Bon, on en a fini avec les compos de la dame en jupette d’indienne. Ne restent que les deux reprises, des Stones qui plus est. Les plus blasés penseront : «Oh ! Encore des morceaux des STONES ! ». Les fans de Jagger et de ses comparses jureront que rien ne vaut un titre des STONES par les STONES ! Je serais plus nuancé, n’étant pas un fan farouche des Londoniens, en affirmant que la chanteuse nous expédie en pleine gueule deux missiles furtifs. « Play With Fire », un classique des STONES gravé en 1965, a connu son lot d’atrocités (Dead Moon, Nikola Sirkis, Manfred Mann Earth Band jusqu’à Rickie LEE JONES)*. Après une longue intro piano/voix de près de deux minutes, le titre décolle via la guitare d’Eddie Hazel et un chant véhément pour une palette teintée de nuances passant de la Fusion au Funk Psyché au Blues pour un titre de sept minutes et des brouettes qui passent comme une lettre à la poste avec une dernière partie en apothéose. Second emprunt aux Stones avec « Gimme Shelter », titre figurant dans l’excellent et apocalyptique « Let It Bleed ». Le titre est lui aussi l’objet de moult reprises parmi lesquelles il convient de retenir les versions de Mitch Ryder, de Merry Clayton (choriste sur la version originale) ou la version Soul de Maxayn. Comment s’enthousiasmer sur un texte si glauque (le monde, plus particulièrement les States, était alors en plein remous) ? Doit-on se dire que la situation ne s’est guère améliorée ? C’est là un autre débat ! Long de huit minutes, ce titre nous en met plein la gueule. La combinaison de structures visant à désarticuler le morceau s’emboîte comme autant de ponts à franchir. Tour à tour, les guitares fuzz prennent le relais de la rythmique, relançant sans cesse le chant de Ruth Copeland, celle-ci passant du désespoir à la fureur pour finir sur une note d’espoir via l’orgue et des chœurs. Il faudrait être insensible ou psycho-rigide pour ne pas s’émouvoir du chant de COPELAND : «… Oh, a storm is threatening War - Children, it's just a shot away - Rape, murder! … ». Une grande reprise dont la version single est raccourcie de quatre minutes trente pour cause de format radio.

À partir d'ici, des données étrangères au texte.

lemma op_norm_ratios_nonempty:
  assumes "A \<in> carrier_mat n m" "0 < m"
  shows "op_norm_ratios A \<noteq> {}"
proof -
  have "unit_vec m 0 \<noteq> (0\<^sub>v m :: complex vec)"
    using assms(2) by (metis index_unit_vec(1) index_zero_vec(1) one_neq_zero)
  then show ?thesis using assms(1) by (auto intro!: exI[of _ "unit_vec m 0"])
qed

lemma op_norm_nonneg:
  assumes "A \<in> carrier_mat n m" "0 < m"
  shows "0 \<le> op_norm A"
proof -
  obtain r where r: "r \<in> op_norm_ratios A"
    using op_norm_ratios_nonempty[OF assms] by blast
  then have "0 \<le> r" by auto
  also have "r \<le> op_norm A" unfolding op_norm_def
    by (rule cSup_upper[OF r bdd_above_op_norm_ratios[OF assms(1)]])
  finally show ?thesis .
qed

lemma op_norm_le:
  assumes A: "A \<in> carrier_mat n m" and m: "0 < m"
    and c: "\<And>x. x \<in> carrier_vec m \<Longrightarrow> vec_norm2 (A *\<^sub>v x) \<le> c * vec_norm2 x"
  shows "op_norm A \<le> c"
  unfolding op_norm_def
proof (rule cSup_least[OF op_norm_ratios_nonempty[OF A m]], clarify)
  fix x :: "complex vec" assume "x \<in> carrier_vec (dim_col A)" "x \<noteq> 0\<^sub>v (dim_col A)"
  then have x: "x \<in> carrier_vec m" "0 < vec_norm2 x" using A vec_norm2_pos by auto
  then show "vec_norm2 (A *\<^sub>v x) / vec_norm2 x \<le> c" using c[OF x(1)] by (simp add: divide_le_eq)
qed

lemma op_norm_orthogonal_cols_mult_adjoint_le:
  assumes M: "M \<in> carrier_mat n n" "diagonal_mat (adj M * M)"
    and U: "unitary_mat n U" and n: "0 < n"
    and c: "0 \<le> c" "\<And>i. i < n \<Longrightarrow> vec_norm2 (col M i) \<le> c"
  shows "op_norm (M * adj U) \<le> c"
proof (rule op_norm_le[of _ n n])
  note U' = unitary_matD[OF unitary_mat_adjoint[OF U]]
  show "M * adj U \<in> carrier_mat n n" using M U' by simp
  fix x :: "complex vec" assume x: "x \<in> carrier_vec n"
  have "vec_norm2 ((M * adj U) *\<^sub>v x) = vec_norm2 (M *\<^sub>v (adj U *\<^sub>v x))"
    using M U' x by (simp add: assoc_mult_mat_vec[of _ n n _ n])
  also have "\<dots> \<le> c * vec_norm2 (adj U *\<^sub>v x)"
    using U' x by (intro vec_norm2_mult_orthogonal_cols_le[OF M _ c]) auto
  also have "vec_norm2 (adj U *\<^sub>v x) = vec_norm2 x"
    by (rule vec_norm2_mult_unitary[OF unitary_mat_adjoint[OF U] x])
  finally show "vec_norm2 ((M * adj U) *\<^sub>v x) \<le> c * vec_norm2 x" .
qed (use n in simp)

section \<open>Duality between the trace norm and the operator norm\<close>

theorem norm_hs_inner_le_op_norm_schatten_1:
  assumes A: "A \<in> carrier_mat n n" and B: "B \<in> carrier_mat n n"
  shows "cmod (hs_inner B A) \<le> op_norm B * schatten_norm 1 A"
proof -
  obtain U where U: "unitary_mat n U"
    and sv: "singular_values A = mset (map (\<lambda>i. vec_norm2 (col (A * U) i)) [0..<n])"
    using singular_value_decomposition[OF A] by blast
  note U' = unitary_matD[OF U]
  have "cmod (hs_inner B A) = cmod (\<Sum>i<n. col (A * U) i \<bullet>c col (B * U) i)"
    using hs_inner_mult_unitary[OF B A U] hs_inner_cols[of "B * U" n n "A * U"] A B U' by simp
  also have "\<dots> \<le> (\<Sum>i<n. op_norm B * vec_norm2 (col (A * U) i))"
  proof (rule order.trans[OF norm_sum sum_mono])
    fix i assume "i \<in> {..<n}"
    then have i: "i < n" by simp
    have "vec_norm2 (col (B * U) i) \<le> op_norm B"
      using norm_mult_vec_le_op_norm[OF B, of "col U i"] vec_norm2_col_unitary[OF U i] B U' i
      by (simp del: col_mult)
    then have "vec_norm2 (col (A * U) i) * vec_norm2 (col (B * U) i) \<le>
        vec_norm2 (col (A * U) i) * op_norm B"
      by (rule mult_left_mono) simp
    moreover have "cmod (col (A * U) i \<bullet>c col (B * U) i) \<le>
        vec_norm2 (col (A * U) i) * vec_norm2 (col (B * U) i)"
      by (rule norm_cscalar_prod_le) (use A B U' in simp)
    ultimately have "cmod (col (A * U) i \<bullet>c col (B * U) i) \<le> vec_norm2 (col (A * U) i) * op_norm B"
      by (rule order.trans[rotated])
    then show "cmod (col (A * U) i \<bullet>c col (B * U) i) \<le> op_norm B * vec_norm2 (col (A * U) i)"
      by (simp add: mult.commute)
  qed
  also have "\<dots> = op_norm B * schatten_norm 1 A"
    by (simp add: schatten_norm_1_singular_values[OF sv] sum_distrib_left)
  finally show ?thesis .
qed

Reste à savoir où classer ce disque. Nous retrouvons ici un éventail assez large des tendances de l’époque : Blues Psyché, Funk, Fusion et même quelques pointes de Folk Acid. Bien que des liens étroits existent avec George Clinton et ses divers groupes, cet album sera rangé en Blues. Excellente chanteuse au timbre haut perché, Ruth COPELAND se révèle habile pour changer nos perceptions au gré de son chant et de ses émotions. Nous devons cette sympathique pochette à Craig Braun, un photographe designer ayant principalement œuvré pour les labels Motown, Invictus, Hot Wax, Rare Earth et Blue Horizon. Braun est le concepteur de certaines pochettes des SUPREMES, The Four Tops, Freda Payne, Laura Lee, Marvin GAYE, Jimi HENDRIX ou Honey Cone et du logo des ROLLING STONES.

*Il s’agit là d’un avis personnel.
** Cette chronique provient de l’écoute du pressage français distribué en 1972 par Pathé Marconi. Ce disque a été réédité en CD en 1996 par P. Vine Records et en 2013 par la firme nippone Solid Records avec deux titres bonus. En 2009, Edsel Records a publié en double CD les deux premiers disques de Ruth COPELAND agrémentés de cinq bonus issus de versions single.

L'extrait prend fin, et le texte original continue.